Dieser Entscheidung ließe sich kein unionsrechtliches
Gebot entnehmen, einen Anspruch des Leistungsempfängers aus § 37 Abs. 2 AO auf Erstattung zu Unrecht vom
Leistenden in Rechnung gestellter Umsatzsteuer gegen
den Fiskus zu gewähren, wenn eine Erstattung vom Leistenden wegen der Insolvenz nicht(vollständig) erreicht
werden kann. Nur für den Fall, dass die Erstattung der
Mehrwertsteuer vom Leistenden unmöglich oder übermäßig erschwert wird, fordere der EuGH, dass die Mitgliedstaaten die erforderlichen Mittel vorsehen müssen, die es
dem Leistungsempfänger ermöglichen, zu Unrecht in
Rechnung gestellte Steuer erstattet zu bekommen. Die
Billigkeitsregelungen der §§ 163 und 227 AO böten eine
hinreichende Möglichkeit, trotz nicht Vorliegens der materiell umsatzsteuerrechtlichen Voraussetzungen den Vorsteuerabzug – jedenfalls im wirtschaftlichen Ergebnis —
geltend zu machen, um auf diesem Weg den im
Insolvenzverfahren nicht zu realisierenden Teil der gegen
den Rechnungsaussteller gerichteten, zivilrechtlichen Forderung vom Finanzamt gutgebracht zu bekommen.
Verwaltungsanweisungen
Rückzahlung eines zu hoch
ausgewiesenen Steuerbetrags
BMF-Schreiben vom 7.10.2015, III C 2 – S 7282/13/10001
Mit Urteil vom 18. September 2008, V R 56/06, BStBl
2009 II S. 250, hat der BFH unter Aufgabe seiner früheren
Rechtsprechung entschieden, dass sich in Fällen, in denen
der leistende Unternehmer und der Leistungsempfänger
die vollständige oder teilweise Rückzahlung des bereits
entrichteten Entgelts vereinbaren, die Bemessungsgrundlage i. S. des § 17 Abs. 1 Satz 1 UStG nur insoweit mindert,
als das Entgelt tatsächlich zurückgezahlt wird, und die
Berichtigung für den Besteuerungszeitraum der Rückgewähr vorzunehmen ist.
Hat der Unternehmer das „Soll“-Entgelt bereits vereinnahmt, ändert sich die Bemessungsgrundlage nicht schon
durch (bloße) Vereinbarung einer „Entgeltminderung“,
sondern nur durch tatsächliche Rückzahlung des vereinnahmten Entgelts.

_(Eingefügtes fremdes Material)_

lemma normalized_finite_support:
  obtains F where "finite F" "F \<subseteq> topspace X"
    "\<And>\<phi> \<psi>. continuous_map X (discrete_topology UNIV) \<phi> \<Longrightarrow>
       continuous_map X (discrete_topology UNIV) \<psi> \<Longrightarrow> \<forall>x\<in>F. \<phi> x = \<psi> x \<Longrightarrow>
       normalized \<phi> = normalized \<psi>"
proof -
  obtain F where F: "finite F" "F \<subseteq> topspace X" and near: "\<And>\<phi>.
      continuous_map X (discrete_topology UNIV) \<phi> \<Longrightarrow> \<forall>x\<in>F. \<phi> x = 0 \<Longrightarrow>
      norm (normalized \<phi> - 1) < 1/2"
    using normalized_near_one by blast
  show thesis
  proof (rule that[OF F])
    fix \<phi> \<psi> :: "'a \<Rightarrow> int"
    assume \<phi>: "continuous_map X (discrete_topology UNIV) \<phi>"
      and \<psi>: "continuous_map X (discrete_topology UNIV) \<psi>" and eq: "\<forall>x\<in>F. \<phi> x = \<psi> x"
    define \<delta> where "\<delta> = (\<lambda>x. \<phi> x - \<psi> x)"
    have \<delta>: "continuous_map X (discrete_topology UNIV) \<delta>"
      unfolding \<delta>_def using \<phi> \<psi> by (rule continuous_map_discrete_combine)
    have "\<forall>x\<in>F. \<delta> x = 0" using eq by (simp add: \<delta>_def)
    have "norm (normalized \<delta> ^ n - 1) < 1/2" for n
    proof -
      have "continuous_map X (discrete_topology UNIV) (\<lambda>x. int n * \<delta> x)"
        using \<delta> by (rule continuous_map_discrete_comp)
      then show ?thesis
        using near[of "\<lambda>x. int n * \<delta> x"] \<open>\<forall>x\<in>F. \<delta> x = 0\<close>
        by (simp add: normalized_of_nat_mult[OF \<delta>])
    qed
    then have "normalized \<delta> = 1" by (rule eq_one_if_powers_near_one)
    moreover have "\<phi> = (\<lambda>x. \<psi> x + \<delta> x)" by (simp add: \<delta>_def)
    ultimately show "normalized \<phi> = normalized \<psi>" using \<psi> \<delta> by (simp add: normalized_add)
  qed
qed

lemma normalized_exp_sum:
  assumes "zero_dimensional X" "t1_space X"
  obtains F \<theta> where "finite F" "F \<subseteq> topspace X"
    "\<And>\<phi>. continuous_map X (discrete_topology UNIV) \<phi> \<Longrightarrow>
       normalized \<phi> = exp (\<i> * of_real (\<Sum>x\<in>F. \<theta> x * real_of_int (\<phi> x)))"
proof -
  obtain F where F: "finite F" "F \<subseteq> topspace X" and support: "\<And>\<phi> \<psi>.
      continuous_map X (discrete_topology UNIV) \<phi> \<Longrightarrow>
      continuous_map X (discrete_topology UNIV) \<psi> \<Longrightarrow> \<forall>x\<in>F. \<phi> x = \<psi> x \<Longrightarrow>
      normalized \<phi> = normalized \<psi>"
    using normalized_finite_support by blast
  obtain e :: "'a \<Rightarrow> 'a \<Rightarrow> int"
    where e: "\<And>x. x \<in> F \<Longrightarrow> continuous_map X (discrete_topology UNIV) (e x)"
      and e_diag: "\<And>x. x \<in> F \<Longrightarrow> e x x = 1"
      and e_off: "\<And>x y. x \<in> F \<Longrightarrow> y \<in> F \<Longrightarrow> y \<noteq> x \<Longrightarrow> e x y = 0"
    using zero_dimensional_isolating_indicators[OF assms F] by blast
  define \<theta> where "\<theta> x = Arg (normalized (e x))" for x
  have normalized_e: "normalized (e x) = exp (\<i> * of_real (\<theta> x))" if "x \<in> F" for x
    using norm_normalized[OF e[OF that]] complex_norm_eq_1_exp_eq by (simp add: \<theta>_def)
  show thesis
  proof (rule that[OF F])
    fix \<phi> :: "'a \<Rightarrow> int"
    assume \<phi>: "continuous_map X (discrete_topology UNIV) \<phi>"
    have scaled_e: "continuous_map X (discrete_topology UNIV) (\<lambda>y. \<phi> x * e x y)" if "x \<in> F" for x
      using e[OF that] by (rule continuous_map_discrete_comp)
    define g where "g y = (\<Sum>x\<in>F. \<phi> x * e x y)" for y
    have g: "continuous_map X (discrete_topology UNIV) g"
      unfolding g_def using F(1) scaled_e by (rule continuous_map_discrete_sum)
    have "g y = \<phi> y" if "y \<in> F" for y
    proof -
      have "g y = \<phi> y * e y y + (\<Sum>x\<in>F - {y}. \<phi> x * e x y)"
        unfolding g_def using F(1) that by (simp add: sum.remove)
      moreover have "(\<Sum>x\<in>F - {y}. \<phi> x * e x y) = 0"
        using that e_off by (intro sum.neutral) auto
      ultimately show ?thesis using that e_diag by simp
    qed
    then have "normalized \<phi> = normalized g" using support[OF \<phi> g] by simp
    also have "\<dots> = (\<Prod>x\<in>F. normalized (e x) powi \<phi> x)"
      unfolding g_def using F(1) scaled_e by (simp add: normalized_sum normalized_int_mult e)
    also have "\<dots> = (\<Prod>x\<in>F. exp (\<i> * of_real (\<theta> x * real_of_int (\<phi> x))))"
      by (intro prod.cong) (simp_all add: normalized_e exp_power_int mult_ac)
    also have "\<dots> = exp (\<i> * of_real (\<Sum>x\<in>F. \<theta> x * real_of_int (\<phi> x)))"
      using F(1) by (simp add: exp_sum sum_distrib_left)
    finally show "normalized \<phi> = exp (\<i> * of_real (\<Sum>x\<in>F. \<theta> x * real_of_int (\<phi> x)))" .
  qed
qed

lemma chi_zero_eq_one:
  assumes "topspace X = UNIV \<or> (undefined::int) = 0"
  shows "chi_zero = 1"
proof -
  let ?z = "restrict (\<lambda>_. 0::int) (topspace X)"
  have "(\<lambda>x. ?z x + ?z x) = ?z" using assms by auto
  moreover have z: "?z \<in> topspace (Cp_int X)" by (simp add: restrict_in_topspace_Cp_int)
  ultimately have "chi_zero * chi_zero = chi_zero"
    unfolding chi_zero_def using chi_add[OF z z] by simp
  then show ?thesis using norm_chi_zero by auto
qed

text \<open>If \<^term>\<open>chi_zero \<noteq> 1\<close>, every element of \<^term>\<open>Cp_int X\<close> takes the same nonzero
  junk value at some point \<open>x\<^sub>0\<close> outside \<^term>\<open>topspace X\<close>; a coefficient at \<open>x\<^sub>0\<close>
  absorbs the phase \<^term>\<open>chi_zero\<close>.\<close>

lemma chi_exp_sum:
  assumes "zero_dimensional X" "t1_space X"
  obtains F \<theta> where "finite F"
    "\<And>f. f \<in> topspace (Cp_int X) \<Longrightarrow> chi f = exp (\<i> * of_real (\<Sum>x\<in>F. \<theta> x * real_of_int (f x)))"
proof -
  obtain F \<theta> where F: "finite F" "F \<subseteq> topspace X" and normalized_eq: "\<And>\<phi>.
      continuous_map X (discrete_topology UNIV) \<phi> \<Longrightarrow>
      normalized \<phi> = exp (\<i> * of_real (\<Sum>x\<in>F. \<theta> x * real_of_int (\<phi> x)))"
    using normalized_exp_sum[OF assms] by blast
  have chi_eq: "chi f = chi_zero * exp (\<i> * of_real (\<Sum>x\<in>F. \<theta> x * real_of_int (f x)))"
    if "f \<in> topspace (Cp_int X)" for f
  proof -
    have "chi f = chi_zero * normalized f"
      using that norm_chi_zero by (auto simp: topspace_Cp_int normalized_def extensional_restrict)
    then show ?thesis using that normalized_eq[of f] by (simp add: topspace_Cp_int)
  qed
  show thesis
  proof (cases "chi_zero = 1")
    case True
    then show ?thesis using that[OF F(1)] chi_eq by simp
  next
    case False
    then obtain x0 where x0: "x0 \<notin> topspace X" and junk: "(undefined::int) \<noteq> 0"
      using chi_zero_eq_one by blast
    define \<theta>' where "\<theta>' = \<theta>(x0 := Arg chi_zero / real_of_int undefined)"
    have "chi f = exp (\<i> * of_real (\<Sum>x\<in>insert x0 F. \<theta>' x * real_of_int (f x)))"
      if "f \<in> topspace (Cp_int X)" for f
    proof -
      have "f x0 = undefined" using that x0 by (auto simp: topspace_Cp_int extensional_def)
      then have "\<theta>' x0 * real_of_int (f x0) = Arg chi_zero" using junk by (simp add: \<theta>'_def)
      moreover have "(\<Sum>x\<in>F. \<theta>' x * real_of_int (f x)) = (\<Sum>x\<in>F. \<theta> x * real_of_int (f x))"
        using F(2) x0 by (intro sum.cong) (auto simp: \<theta>'_def)
      moreover have "exp (\<i> * of_real (Arg chi_zero)) = chi_zero"
        using norm_chi_zero complex_norm_eq_1_exp_eq by blast
      moreover have "x0 \<notin> F" using F(2) x0 by blast
      ultimately have "(\<Sum>x\<in>insert x0 F. \<theta>' x * real_of_int (f x)) =
          Arg chi_zero + (\<Sum>x\<in>F. \<theta> x * real_of_int (f x))"
        using F(1) by simp
      then show ?thesis
        using chi_eq[OF that] \<open>exp (\<i> * of_real (Arg chi_zero)) = chi_zero\<close>
        by (simp only: of_real_add distrib_left exp_add)
    qed
    then show ?thesis using that[of "insert x0 F"] F(1) by blast
  qed
qed
(* Let $a\ge1$ and $n\ge 2a+1$, and let $\sigma\in S(n;a)$. Then $T_i(\sigma)\in S(n+1;a+1)$ for all $i$.
   Context: For $m\ge a$, $S(m;a)$ denotes the subgroup of $S_m$ generated by all permutations of $\{1,\dots,a\}$ and all permutations of $\{m-a+1,\dots,m\}$. For $\sigma\in S_n$ let $f_\sigma=x_1\cdots x_n-x_{\sigma(1)}\cdots x_{\sigma(n)}$ in the free associative algebra. For $1\le i\le n$ put $T_i(f_\sigma)=f_\sigma(x_1,\dots,x_{i-1},x_ix_{i+1},x_{i+2},\dots,x_{n+1})$; also $T_0(f_\sigma)=x_1f_\sigma(x_2,\dots,x_{n+1})$ and $T_{n+1}(f_\sigma)=f_\sigma(x_1,\dots,x_n)x_{n+1}$. Each $T_i(f_\sigma)$ equals $x_1\cdots x_{n+1}-x_{\tau(1)}\cdots x_{\tau(n+1)}$ for a unique $\tau\in S_{n+1}$, and $T_i(\sigma)$ denotes this $\tau$. *)

theory Defs
  imports "HOL-Combinatorics.Permutations"
begin

text \<open>Permutations in S_m are functions nat => nat that permute {1..m}
  (and fix everything else).\<close>

inductive_set S_sub :: "nat \<Rightarrow> nat \<Rightarrow> (nat \<Rightarrow> nat) set" for m a :: nat where
  S_id: "id \<in> S_sub m a"
| S_gen_left: "p permutes {1..a} \<Longrightarrow> p \<in> S_sub m a"
| S_gen_right: "p permutes {m - a + 1..m} \<Longrightarrow> p \<in> S_sub m a"
| S_comp: "p \<in> S_sub m a \<Longrightarrow> q \<in> S_sub m a \<Longrightarrow> p \<circ> q \<in> S_sub m a"
| S_inv: "p \<in> S_sub m a \<Longrightarrow> inv p \<in> S_sub m a"

text \<open>A monomial x_{w_1}...x_{w_k} of the free associative algebra is encoded
  by the word w (a list of variable indices).\<close>
definition subst_var :: "nat \<Rightarrow> nat \<Rightarrow> nat list" where
  "subst_var i j = (if j < i then [j] else if j = i then [i, Suc i] else [Suc j])"

text \<open>Word of the second monomial of f_sigma, i.e. x_{sigma(1)}...x_{sigma(n)}.\<close>
definition perm_word :: "nat \<Rightarrow> (nat \<Rightarrow> nat) \<Rightarrow> nat list" where
  "perm_word n \<sigma> = map \<sigma> [1..<n+1]"

text \<open>Word of the second monomial of T_i(f_sigma), for 0 <= i <= n+1.
  The first monomial x_1...x_n is sent to x_1...x_{n+1} in every case.\<close>
definition T_word :: "nat \<Rightarrow> nat \<Rightarrow> (nat \<Rightarrow> nat) \<Rightarrow> nat list" where
  "T_word n i \<sigma> =
     (if i = 0 then 1 # map Suc (perm_word n \<sigma>)
      else if i = n + 1 then perm_word n \<sigma> @ [n + 1]
      else concat (map (subst_var i) (perm_word n \<sigma>)))"

text \<open>T_i(sigma): the permutation tau of {1..n+1} with
  x_{tau(1)}...x_{tau(n+1)} the second monomial of T_i(f_sigma).\<close>
definition T_perm :: "nat \<Rightarrow> nat \<Rightarrow> (nat \<Rightarrow> nat) \<Rightarrow> (nat \<Rightarrow> nat)" where
  "T_perm n i \<sigma> = (\<lambda>k. if 1 \<le> k \<and> k \<le> n + 1 then T_word n i \<sigma> ! (k - 1) else k)"

end

theory Submission
  imports Defs
begin
text \<open>Upper-C^2 at x (Rockafellar--Wets Def. 10.29, with min instead of max): near x, f is
  the pointwise minimum over a compact parameter set T (in the parameter type 'c) of C^2
  functions whose values, gradients and Hessians depend jointly continuously on (t,z).\<close>
definition upper_C2_at :: "'c::topological_space itself \<Rightarrow> ('a::euclidean_space \<Rightarrow> real) \<Rightarrow> 'a \<Rightarrow> bool" where
  "upper_C2_at _ f x \<longleftrightarrow>
     (\<exists>(U::'a set) (T::'c set) (h::'c \<Rightarrow> 'a \<Rightarrow> real) (Dh::'c \<Rightarrow> 'a \<Rightarrow> 'a) (D2h::'c \<Rightarrow> 'a \<Rightarrow> 'a \<Rightarrow>\<^sub>L 'a).
        open U \<and> x \<in> U \<and> compact T \<and> T \<noteq> {} \<and>
        (\<forall>t\<in>T. \<forall>z\<in>U. (h t has_derivative (\<lambda>u. inner (Dh t z) u)) (at z) \<and>
                        (Dh t has_derivative blinfun_apply (D2h t z)) (at z)) \<and>
        continuous_on (T \<times> U) (\<lambda>(t,z). h t z) \<and>
        continuous_on (T \<times> U) (\<lambda>(t,z). Dh t z) \<and>
        continuous_on (T \<times> U) (\<lambda>(t,z). D2h t z) \<and>
        (\<forall>z\<in>U. (\<exists>t\<in>T. f z = h t z) \<and> (\<forall>t\<in>T. f z \<le> h t z)))"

Diese Grundsätze sind auch im Zusammenhang mit der Berichtigung von unrichtig ausgewiesener Umsatzsteuer i.S.v. § 14c Abs. 1 UStG zu beachten. In
Fällen, in denen unberechtigt i.S.d. § 14c Abs. 2 UStG
Steuer ausgewiesen wurde, erfolgt die Berichtigung des
geschuldeten Betrags wie bisher nach § 14c Abs. 2 Satz 3
bis 5 UStG. Anstelle einer Rückzahlung eines zu hoch ausgewiesenen Steuerbetrags kommt es in diesen Fällen also
auf die Beseitigung der Gefährdung des Steueraufkommens an.